Mine modernisation momentum building up unstoppable steam
There is just no stopping the pace of mine modernisation globally. There will be no turning back at the level of mining majors. All of them are seizing on every bit of appropriate technology available to create better mines that present less risk to health, better protect Mother Nature and add to competitiveness.
By this time next year, diversified major Rio Tinto, which used to mine up the road at Palabora Copper and which still mines South Africa’s beaches at Richards Bay Minerals, could have the world’s first intelligent mine in Australia’s iron-ore-rich Pilbara region.
At last month’s International Mining and Resources Conference, in Melbourne, Rio Tinto CEO Jean-Sabastian Jacques, who once worked at Palabora Copper, called for a fundamentally different mining vision that pioneers new thinking, with data and digital technology at the forefront.
Simultaneously, Mining Weekly reported that mining major BHP is planning to introduce electric vehicles in the interests of a healthier underground environment at the large Olympic Dam uranium and copper mine, in South Australia.
A year ago, Anglo American told Mining Weekly that it intended unleashing end-to-end innovation across the length and breadth of global mining.
The belief by the majors that they risk going under if they fail to modernise is quite pervasive, and hanging over their heads is the threat of recycling.
While the thermal coal that is mined is burnt in the process of electricity generation and requires ongoing replacement, most metals do not have that favourable market dynamic.
Platinum, for instance, is never consumed, which means that the recycling of the metal has to be constantly taken into account.
Improved mining at lower cost forms a protection against the competition that recycling presents, which is why platinum mining companies need to use modernisation as a way of coming down the cost curve.
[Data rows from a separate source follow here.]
lemma surj_square_map:
  assumes "u \<noteq> 0" "v \<noteq> 0" "inner u v = 0"
  shows "surj (square_map a u v)"
proof -
  have "inj (square_map 0 u v)"
  proof (rule injI)
    fix w w' assume "square_map 0 u v w' = square_map 0 u v w"
    then have "w'$1 = w$1" "w'$2 = w$2"
      using inner_square_map_diff[OF assms(3), of 0 w' w] assms(1,2) by auto
    then show "w' = w" by (simp add: vec_eq_iff forall_2)
  qed
  then have "surj (square_map 0 u v)"
    by (simp add: linear_injective_imp_surjective linear_square_map)
  show ?thesis unfolding surj_def
  proof
    fix y
    obtain w where "y - a = square_map 0 u v w"
      using surjD[OF \<open>surj (square_map 0 u v)\<close>] by blast
    then show "\<exists>w. y = square_map a u v w" by (auto simp: square_map_def algebra_simps)
  qed
qed

lemma square_map_coords_close:
  assumes "u \<noteq> 0" "norm u = norm v" "inner u v = 0"
    and "dist (square_map a u v w') (square_map a u v w) < \<delta> * norm u"
  shows "\<bar>w'$1 - w$1\<bar> < \<delta>" and "\<bar>w'$2 - w$2\<bar> < \<delta>"
proof -
  let ?d = "square_map a u v w' - square_map a u v w"
  have "norm ?d < \<delta> * norm u" using assms(4) by (simp add: dist_norm)
  have "\<bar>w'$1 - w$1\<bar> * (norm u)^2 = \<bar>inner ?d u\<bar>"
    by (simp add: inner_square_map_diff(1)[OF assms(3)] abs_mult)
  also have "\<dots> \<le> norm ?d * norm u" by (rule Cauchy_Schwarz_ineq2)
  also have "\<dots> < \<delta> * (norm u)^2"
    using \<open>norm ?d < \<delta> * norm u\<close> assms(1) by (simp add: power2_eq_square)
  finally show "\<bar>w'$1 - w$1\<bar> < \<delta>" using assms(1) by simp
  have "\<bar>w'$2 - w$2\<bar> * (norm u)^2 = \<bar>inner ?d v\<bar>"
    by (simp add: inner_square_map_diff(2)[OF assms(3)] abs_mult assms(2))
  also have "\<dots> \<le> norm ?d * norm u" using Cauchy_Schwarz_ineq2[of ?d v] assms(2) by simp
  also have "\<dots> < \<delta> * (norm u)^2"
    using \<open>norm ?d < \<delta> * norm u\<close> assms(1) by (simp add: power2_eq_square)
  finally show "\<bar>w'$2 - w$2\<bar> < \<delta>" using assms(1) by simp
qed

lemma ball_subset_square_map_cbox:
  assumes "u \<noteq> 0" "norm u = norm v" "inner u v = 0"
    and "w \<in> cbox (vec (lo + \<delta>)) (vec (hi - \<delta>))"
  shows "ball (square_map a u v w) (\<delta> * norm u) \<subseteq> square_map a u v ` cbox (vec lo) (vec hi)"
proof
  fix x assume x: "x \<in> ball (square_map a u v w) (\<delta> * norm u)"
  have "v \<noteq> 0" using assms(1,2) by auto
  then obtain w' where x_eq: "x = square_map a u v w'"
    using surj_square_map[OF assms(1) _ assms(3)] by (metis surjD)
  have "\<bar>w'$1 - w$1\<bar> < \<delta>" "\<bar>w'$2 - w$2\<bar> < \<delta>"
    using square_map_coords_close[OF assms(1-3)] x by (simp_all add: x_eq dist_commute)
  with assms(4) have "w' \<in> cbox (vec lo) (vec hi)" by (auto simp: mem_box_cart forall_2)
  then show "x \<in> square_map a u v ` cbox (vec lo) (vec hi)" by (simp add: x_eq)
qed

lemma is_square_inner_subsquare:
  assumes "is_square C" "0 \<le> \<delta>" "\<delta> \<le> 1/2"
  obtains L Q where "L > 0" "measure lebesgue C = L^2" "Q \<subseteq> C" "Q \<in> lmeasurable"
    "measure lebesgue Q = ((1 - 2 * \<delta>) * L)^2" "\<And>p. p \<in> Q \<Longrightarrow> ball p (\<delta> * L) \<subseteq> C"
proof -
  obtain a u v where u: "u \<noteq> 0" "norm u = norm v" "inner u v = 0"
    and C: "C = square_map a u v ` cbox (vec 0) (vec 1)"
    using assms(1) by (rule is_squareE)
  define Q where "Q = square_map a u v ` cbox (vec \<delta>) (vec (1 - \<delta>))"
  have det: "\<bar>u$1 * v$2 - u$2 * v$1\<bar> = (norm u)^2"
    using abs_det2_orthogonal[OF u(3)] u(2) by (simp add: power2_eq_square)
  show ?thesis
  proof
    show "norm u > 0" "Q \<in> lmeasurable"
      using u(1) by (simp_all add: Q_def lmeasurable_compact compact_square_map_cbox)
    show "measure lebesgue C = (norm u)^2" "measure lebesgue Q = ((1 - 2 * \<delta>) * norm u)^2"
      using assms(2,3) measure_square_map_cbox[of 0 1 a u v] measure_square_map_cbox[of \<delta> "1 - \<delta>" a u v]
      by (simp_all add: C Q_def det power_mult_distrib)
    show "Q \<subseteq> C" unfolding C Q_def using assms(2,3)
      by (intro image_mono subset_interval_imp_cart(1)) simp
    show "ball p (\<delta> * norm u) \<subseteq> C" if p: "p \<in> Q" for p
    proof -
      obtain w where "w \<in> cbox (vec (0 + \<delta>)) (vec (1 - \<delta>))" "p = square_map a u v w"
        using p by (auto simp: Q_def)
      then show ?thesis unfolding C by (metis ball_subset_square_map_cbox[OF u])
    qed
  qed
qed

lemma compact_square:
  assumes "is_square C"
  shows "compact C"
proof -
  obtain a u v where "C = square_map a u v ` cbox (vec 0) (vec 1)"
    using assms by (rule is_squareE)
  then show ?thesis using compact_square_map_cbox[of a u v 0 1] by simp
qed

lemma measure_uniform_measure_ge_subset:
  assumes "A \<in> fmeasurable M" "measure M A \<noteq> 0" "B \<in> sets M" "Q \<in> sets M" "Q \<subseteq> A \<inter> B"
  shows "measure M Q / measure M A \<le> measure (uniform_measure M A) B"
proof -
  have "measure M Q \<le> measure M (A \<inter> B)"
    using assms by (intro measure_mono_fmeasurable fmeasurable_Int_fmeasurable) auto
  then have "measure M Q / measure M A \<le> measure M (A \<inter> B) / measure M A"
    by (simp add: divide_right_mono)
  also have "\<dots> = measure (uniform_measure M A) B"
    using assms emeasure_eq_measure2[OF assms(1)] by (subst measure_uniform_measure) auto
  finally show ?thesis .
qed

theorem lemma3p2:
  assumes "is_square C"
  shows "measure (uniform_measure lebesgue C) {p \<in> C. area_ratio C p \<ge> 1/15} \<ge> 1/15"
proof -
  obtain L Q where L: "L > 0" and measure_C: "measure lebesgue C = L^2"
    and "Q \<subseteq> C" "Q \<in> lmeasurable" and measure_Q: "measure lebesgue Q = ((1 - 2 * (3/10)) * L)^2"
    and ball_Q: "\<And>p. p \<in> Q \<Longrightarrow> ball p (2 * (3/20 * L)) \<subseteq> C"
    using is_square_inner_subsquare[OF assms, of "3/10"] by auto
  have C: "C \<in> lmeasurable" "bounded C"
    using compact_square[OF assms] by (simp_all add: lmeasurable_compact compact_imp_bounded)
  let ?S = "{p \<in> C. area_ratio C p \<ge> 1/15}"
  have "1/15 \<le> area_ratio C p" if "p \<in> Q" for p
  proof -
    have "1/15 \<le> pi * (3/20 * L)^2 / L^2"
      using pi_gt3 L by (simp add: power2_eq_square field_simps)
    also have "\<dots> \<le> area_ratio C p"
      unfolding measure_C[symmetric] using ball_Q[OF that] L C by (intro area_ratio_ge_ball) auto
    finally show ?thesis .
  qed
  with \<open>Q \<subseteq> C\<close> have "Q \<subseteq> C \<inter> ?S" by auto
  have "1/15 \<le> measure lebesgue Q / measure lebesgue C"
    unfolding measure_Q measure_C using L by (simp add: power2_eq_square field_simps)
  also have "\<dots> \<le> measure (uniform_measure lebesgue C) ?S"
    using C L \<open>Q \<in> lmeasurable\<close> \<open>Q \<subseteq> C \<inter> ?S\<close> measure_C
    by (intro measure_uniform_measure_ge_subset sets_lebesgue_area_ratio_ge) auto
  finally show ?thesis .
qed

end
As Anglo American has pointed out, if modern technology can allow for platinum ore to be presorted and presented at a grade of 10 g/t instead of 4 g/t, output can be increased by two-and-a-half times from the exact same capital invested.
The same company has also calculated that waste brought to surface has grown sixteenfold from what it was in 1900. If you look at the copper situation, just to get 40 kg of copper requires double the quantity of water than it did then.
Other industries have developed technologies that can be used in mining, from medical technology to automotive engineering technology.
Data science and information technology can ensure the precise removal of ore without waste. Envisaged is swarm robotic mining that devours ore the same way locusts devour maize and armies of ants go about executing their tasks.
Big-minded mining companies will be prepared to share technology in the interests of making human beings safer and fighting climate change. Small-minded mining companies will keep everything to themselves, as happened in the bad old days.